■ What you will do ■
Give back exactly the lines from the line that contains "(\<forall>X\<in>W. \<forall>Y\<in>W. X ** Y \<in>" to the last line of the listing below, inclusive, and no others.

■ Supplied entries ■
══════
(* Let $V$ be a finite set and let $G$ be the group with presentation $\langle V \mid r_e,\ e\in E\rangle$, where $E$ is a finite index set and each relator has the form $r_e=\lambda_e p_e\lambda_e^{-1}q_e^{-1}$ with $\lambda_e,p_e,q_e\in V$. Assume the vertex link $L$ (defined in the context) has girth at least $4$ (no loops, no multiple edges, no triangles), and that the descending link $L^+$ and the ascending link $L^-$ are trees. Then for any pair of distinct letters $a,b\in V$, the vertex rim $\mathrm{vrim}(a,b)$ of the fan $\mathrm{Fan}(a,b)$ is a freely reduced word in the letters $V^{\pm1}$, and the edge rim $\mathrm{erim}(a,b)$ is a freely reduced word in the letters $\{x_e\}_{e\in E}^{\pm1}$.
   Context: Let $P$ be the presentation $2$-complex: one vertex, one oriented loop per generator, and for each relator $r_e$ one unit square glued along the word $r_e$. In the square of $r_e$, starting at the corner $B$ and reading $\lambda_e p_e\lambda_e^{-1}q_e^{-1}$, the edges are: $\lambda_e$ from $B$ to a corner $Q$, $p_e$ from $Q$ to a corner $T$, $\lambda_e$ from a corner $R$ to $T$, and $q_e$ from $B$ to $R$. Call $T$ the top corner (its two incoming edges, labeled $p_e$ and $\lambda_e$, are the top edges) and $B$ the bottom corner. The vertex link $L$ is the graph with vertex set $\{v^+,v^-: v\in V\}$ and, for each relator $e$, four edges: $\{p_e^+,\lambda_e^+\}$ (corner $T$), $\{\lambda_e^-,q_e^-\}$ (corner $B$), $\{\lambda_e^+,p_e^-\}$ (corner $Q$), $\{q_e^+,\lambda_e^-\}$ (corner $R$). The descending link $L^+$ is the full subgraph on $\{v^+\}$ and the ascending link $L^-$ the full subgraph on $\{v^-\}$. For $e\in E$ put $x_e=q_e^{-1}\lambda_e$ (a formal letter, also an element of $G$). Fan $\mathrm{Fan}(a,b)$ for distinct $a,b\in V$: let $a^+=v_0^+,v_1^+,\dots,v_k^+=b^+$ be the unique simple path in the tree $L^+$. For $1\le i\le k$ let $C_i$ be a copy of the square of the unique relator whose top edges are labeled $v_{i-1}$ and $v_i$. $\mathrm{Fan}(a,b)$ is obtained by identifying, for $1\le i<k$, the top edge of $C_i$ labeled $v_i$ with the top edge of $C_{i+1}$ labeled $v_i$. For each $i$, the bottom boundary path of $C_i$ from the initial vertex of its top edge labeled $v_{i-1}$ to the initial vertex of its top edge labeled $v_i$ reads a two-letter word, which is either $q_e^{-1}\lambda_e$ or $\lambda_e^{-1}q_e$ for the relator $e$ of $C_i$. The vertex rim $\mathrm{vrim}(a,b)$ is the concatenation of these two-letter words for $i=1,\dots,k$, and the edge rim $\mathrm{erim}(a,b)$ is the word obtained by replacing each $q_e^{-1}\lambda_e$ by $x_e$ and each $\lambda_e^{-1}q_e$ by $x_e^{-1}$. *)

theory Defs
  imports Main
begin

text \<open>Signed letters: (x, True) is x, (x, False) is x^-1.
  A word is freely reduced if no two consecutive letters are mutually inverse.\<close>

definition freely_reduced :: "('a \<times> bool) list \<Rightarrow> bool" where
  "freely_reduced w \<longleftrightarrow>
     (\<forall>i. Suc i < length w \<longrightarrow>
        \<not> (fst (w ! i) = fst (w ! Suc i) \<and> snd (w ! i) \<noteq> snd (w ! Suc i)))"

text \<open>Corners of the square of a relator.\<close>
datatype corner = CT | CB | CQ | CR

text \<open>Vertices of the link: (v, True) = v^+, (v, False) = v^-.
  Edge of the link coming from corner c of the square of relator e.\<close>
definition link_edge ::
  "('e \<Rightarrow> 'v) \<Rightarrow> ('e \<Rightarrow> 'v) \<Rightarrow> ('e \<Rightarrow> 'v) \<Rightarrow> 'e \<Rightarrow> corner
     \<Rightarrow> ('v \<times> bool) \<times> ('v \<times> bool)" where
  "link_edge lam p q e c = (case c of
      CT \<Rightarrow> ((p e, True), (lam e, True))
    | CB \<Rightarrow> ((lam e, False), (q e, False))
    | CQ \<Rightarrow> ((lam e, True), (p e, False))
    | CR \<Rightarrow> ((q e, True), (lam e, False)))"

definition link_adj ::
  "'e set \<Rightarrow> ('e \<Rightarrow> 'v) \<Rightarrow> ('e \<Rightarrow> 'v) \<Rightarrow> ('e \<Rightarrow> 'v)
     \<Rightarrow> 'v \<times> bool \<Rightarrow> 'v \<times> bool \<Rightarrow> bool" where
  "link_adj E lam p q x y \<longleftrightarrow>
     (\<exists>e\<in>E. \<exists>c. link_edge lam p q e c = (x, y) \<or> link_edge lam p q e c = (y, x))"

definition link_girth_ge_4 ::
  "'e set \<Rightarrow> ('e \<Rightarrow> 'v) \<Rightarrow> ('e \<Rightarrow> 'v) \<Rightarrow> ('e \<Rightarrow> 'v) \<Rightarrow> bool" where
  "link_girth_ge_4 E lam p q \<longleftrightarrow>
     (\<forall>e\<in>E. \<forall>c. fst (link_edge lam p q e c) \<noteq> snd (link_edge lam p q e c)) \<and>
     (\<forall>e\<in>E. \<forall>c. \<forall>e'\<in>E. \<forall>c'. (e, c) \<noteq> (e', c') \<longrightarrow>
        {fst (link_edge lam p q e c), snd (link_edge lam p q e c)} \<noteq>
        {fst (link_edge lam p q e' c'), snd (link_edge lam p q e' c')}) \<and>
     \<not> (\<exists>x y z. x \<noteq> y \<and> y \<noteq> z \<and> x \<noteq> z \<and>
          link_adj E lam p q x y \<and> link_adj E lam p q y z \<and> link_adj E lam p q x z)"

text \<open>Generic (simple) graph notions on a vertex set S with adjacency adj
  (the full subgraph on S).\<close>
definition walk_in :: "'a set \<Rightarrow> ('a \<Rightarrow> 'a \<Rightarrow> bool) \<Rightarrow> 'a list \<Rightarrow> bool" where
  "walk_in S adj xs \<longleftrightarrow> xs \<noteq> [] \<and> set xs \<subseteq> S \<and>
     (\<forall>i. Suc i < length xs \<longrightarrow> adj (xs ! i) (xs ! Suc i))"

definition graph_connected :: "'a set \<Rightarrow> ('a \<Rightarrow> 'a \<Rightarrow> bool) \<Rightarrow> bool" where
  "graph_connected S adj \<longleftrightarrow>
     (\<forall>x\<in>S. \<forall>y\<in>S. \<exists>xs. walk_in S adj xs \<and> hd xs = x \<and> last xs = y)"

definition graph_has_cycle :: "'a set \<Rightarrow> ('a \<Rightarrow> 'a \<Rightarrow> bool) \<Rightarrow> bool" where
  "graph_has_cycle S adj \<longleftrightarrow>
     (\<exists>xs. 3 \<le> length xs \<and> distinct xs \<and> walk_in S adj xs \<and> adj (last xs) (hd xs))"

definition graph_is_tree :: "'a set \<Rightarrow> ('a \<Rightarrow> 'a \<Rightarrow> bool) \<Rightarrow> bool" where
  "graph_is_tree S adj \<longleftrightarrow> S \<noteq> {} \<and> graph_connected S adj \<and> \<not> graph_has_cycle S adj"

definition simple_path :: "'a set \<Rightarrow> ('a \<Rightarrow> 'a \<Rightarrow> bool) \<Rightarrow> 'a \<Rightarrow> 'a \<Rightarrow> 'a list \<Rightarrow> bool" where
  "simple_path S adj x y xs \<longleftrightarrow> walk_in S adj xs \<and> distinct xs \<and> hd xs = x \<and> last xs = y"

definition plus_verts :: "'v set \<Rightarrow> ('v \<times> bool) set" where
  "plus_verts V = (\<lambda>v. (v, True)) ` V"

definition minus_verts :: "'v set \<Rightarrow> ('v \<times> bool) set" where
  "minus_verts V = (\<lambda>v. (v, False)) ` V"

text \<open>Bottom boundary word of the square of relator e, read from the initial vertex of
  the top edge labelled u to the initial vertex of the top edge labelled w.
  Top edge p_e starts at Q, top edge lam_e starts at R; the bottom path
  R -> B -> Q reads q_e^-1 lam_e, and Q -> B -> R reads lam_e^-1 q_e.\<close>
definition square_vword ::
  "('e \<Rightarrow> 'v) \<Rightarrow> ('e \<Rightarrow> 'v) \<Rightarrow> ('e \<Rightarrow> 'v) \<Rightarrow> 'e \<Rightarrow> 'v \<Rightarrow> 'v \<Rightarrow> ('v \<times> bool) list" where
  "square_vword lam p q e u w =
     (if u = lam e \<and> w = p e then [(q e, False), (lam e, True)]
      else if u = p e \<and> w = lam e then [(lam e, False), (q e, True)]
      else [])"

definition square_eword ::
  "('e \<Rightarrow> 'v) \<Rightarrow> ('e \<Rightarrow> 'v) \<Rightarrow> 'e \<Rightarrow> 'v \<Rightarrow> 'v \<Rightarrow> ('e \<times> bool) list" where
  "square_eword lam p e u w =
     (if u = lam e \<and> w = p e then [(e, True)]
      else if u = p e \<and> w = lam e then [(e, False)]
      else [])"

text \<open>vrim / erim of the fan determined by the path vs = [v_0,...,v_k] in L^+
  and the relators es = [e_1,...,e_k] of the squares C_1,...,C_k.\<close>
definition vrim ::
  "('e \<Rightarrow> 'v) \<Rightarrow> ('e \<Rightarrow> 'v) \<Rightarrow> ('e \<Rightarrow> 'v) \<Rightarrow> 'v list \<Rightarrow> 'e list \<Rightarrow> ('v \<times> bool) list" where
  "vrim lam p q vs es =
     concat (map (\<lambda>i. square_vword lam p q (es ! i) (vs ! i) (vs ! Suc i)) [0..<length es])"
lemma Wimage_mult:
  assumes "X \<in> Wimage" "Y \<in> Wimage"
  shows "X ** Y \<in> Wimage"
proof -
  from assms obtain A1 c1 A2 c2 where
    A1: "finite A1" "\<forall>D\<in>A1. wf_jdiag D" and X: "X = (\<Sum>D\<in>A1. mscale (c1 D) (Wst D))" and
    A2: "finite A2" "\<forall>D\<in>A2. wf_jdiag D" and Y: "Y = (\<Sum>D\<in>A2. mscale (c2 D) (Wst D))"
    unfolding Wimage_iff by blast
  have "X ** Y = (\<Sum>D2\<in>A2. \<Sum>D1\<in>A1. mscale (c1 D1 * c2 D2) (Wst (stack D1 D2)))"
    unfolding X Y sum_matrix_mult matrix_mult_sum mscale_mult_mscale
    using A1(2) A2(2) by (simp add: Wst_stack)
  also have "\<dots> \<in> Wimage"
  proof (intro Wimage_sum A1(1) A2(1))
    fix D1 D2
    assume "D1 \<in> A1" "D2 \<in> A2"
    with A1(2) A2(2) have "wf_jdiag (stack D1 D2)"
      by (simp add: wf_stack)
    then show "mscale (c1 D1 * c2 D2) (Wst (stack D1 D2)) \<in> Wimage"
      by (intro Wimage_mscale Wst_in_Wimage)
  qed
  finally show ?thesis .
qed

lemma mat_one_in_Wimage: "(mat 1 :: 'k::field ^ ('n::finite \<times> 'n) ^ ('n \<times> 'n)) \<in> Wimage"
proof -
  have "(Wst (0, [], [], [], []) :: 'k ^ ('n \<times> 'n) ^ ('n \<times> 'n)) \<in> Wimage"
    by (rule Wst_in_Wimage) (simp add: vflags_def eflags_def)
  moreover have "Wst (0, [], [], [], []) = (mat 1 :: 'k ^ ('n \<times> 'n) ^ ('n \<times> 'n))"
    by (simp add: Wst_eq_sum edge_weight_def vertex_weight_def strand_matrix_def mprod_def kron_mat_one)
  ultimately show ?thesis
    by simp
qed

lemma Wimage_flip_symmetric:
  assumes "X \<in> Wimage"
  shows "flip_symmetric X"
proof -
  from assms obtain A c where "\<forall>D\<in>A. wf_jdiag D" and X: "X = (\<Sum>D\<in>A. mscale (c D) (Wst D))"
    unfolding Wimage_iff by blast
  then show ?thesis
    by (simp add: flip_symmetric_sum_mscale Wst_flip_symmetric)
qed

theorem corollary5p2:
  fixes W :: "('k::field_char_0 ^ ('n::finite \<times> 'n) ^ ('n \<times> 'n)) set"
  assumes "W = Wimage"
  shows "mat 1 \<in> W \<and>
         (\<forall>X\<in>W. \<forall>Y\<in>W. X + Y \<in> W) \<and>
         (\<forall>c::'k. \<forall>X\<in>W. (\<chi> p q. c * X $ p $ q) \<in> W) \<and>
         (\<forall>X\<in>W. \<forall>Y\<in>W. X ** Y \<in> W) \<and>
         (\<forall>X\<in>W. \<forall>Y\<in>W. X ** Y = Y ** X)"
  unfolding assms
proof (intro conjI ballI allI)
  show "mat 1 \<in> Wimage"
    by (rule mat_one_in_Wimage)
next
  fix X Y :: "'k ^ ('n \<times> 'n) ^ ('n \<times> 'n)"
  assume "X \<in> Wimage" "Y \<in> Wimage"
  then show "X + Y \<in> Wimage"
    by (rule Wimage_add)
next
  fix c :: 'k and X :: "'k ^ ('n \<times> 'n) ^ ('n \<times> 'n)"
  assume "X \<in> Wimage"
  then show "(\<chi> p q. c * X $ p $ q) \<in> Wimage"
    using Wimage_mscale[of X c] by (simp add: mscale_def)
next
  fix X Y :: "'k ^ ('n \<times> 'n) ^ ('n \<times> 'n)"
  assume "X \<in> Wimage" "Y \<in> Wimage"
  then show "X ** Y \<in> Wimage"
    by (rule Wimage_mult)
next
  fix X Y :: "'k ^ ('n \<times> 'n) ^ ('n \<times> 'n)"
  assume "X \<in> Wimage" "Y \<in> Wimage"
  then show "X ** Y = Y ** X"
    by (intro flip_symmetric_commute Wimage_flip_symmetric)
qed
══════
■ Written reply ■
         (\<forall>X\<in>W. \<forall>Y\<in>W. X ** Y \<in> W) \<and>
         (\<forall>X\<in>W. \<forall>Y\<in>W. X ** Y = Y ** X)"
  unfolding assms
proof (intro conjI ballI allI)
  show "mat 1 \<in> Wimage"
    by (rule mat_one_in_Wimage)
next
  fix X Y :: "'k ^ ('n \<times> 'n) ^ ('n \<times> 'n)"
  assume "X \<in> Wimage" "Y \<in> Wimage"
  then show "X + Y \<in> Wimage"
    by (rule Wimage_add)
next
  fix c :: 'k and X :: "'k ^ ('n \<times> 'n) ^ ('n \<times> 'n)"
  assume "X \<in> Wimage"
  then show "(\<chi> p q. c * X $ p $ q) \<in> Wimage"
    using Wimage_mscale[of X c] by (simp add: mscale_def)
next
  fix X Y :: "'k ^ ('n \<times> 'n) ^ ('n \<times> 'n)"
  assume "X \<in> Wimage" "Y \<in> Wimage"
  then show "X ** Y \<in> Wimage"
    by (rule Wimage_mult)
next
  fix X Y :: "'k ^ ('n \<times> 'n) ^ ('n \<times> 'n)"
  assume "X \<in> Wimage" "Y \<in> Wimage"
  then show "X ** Y = Y ** X"
    by (intro flip_symmetric_commute Wimage_flip_symmetric)
qed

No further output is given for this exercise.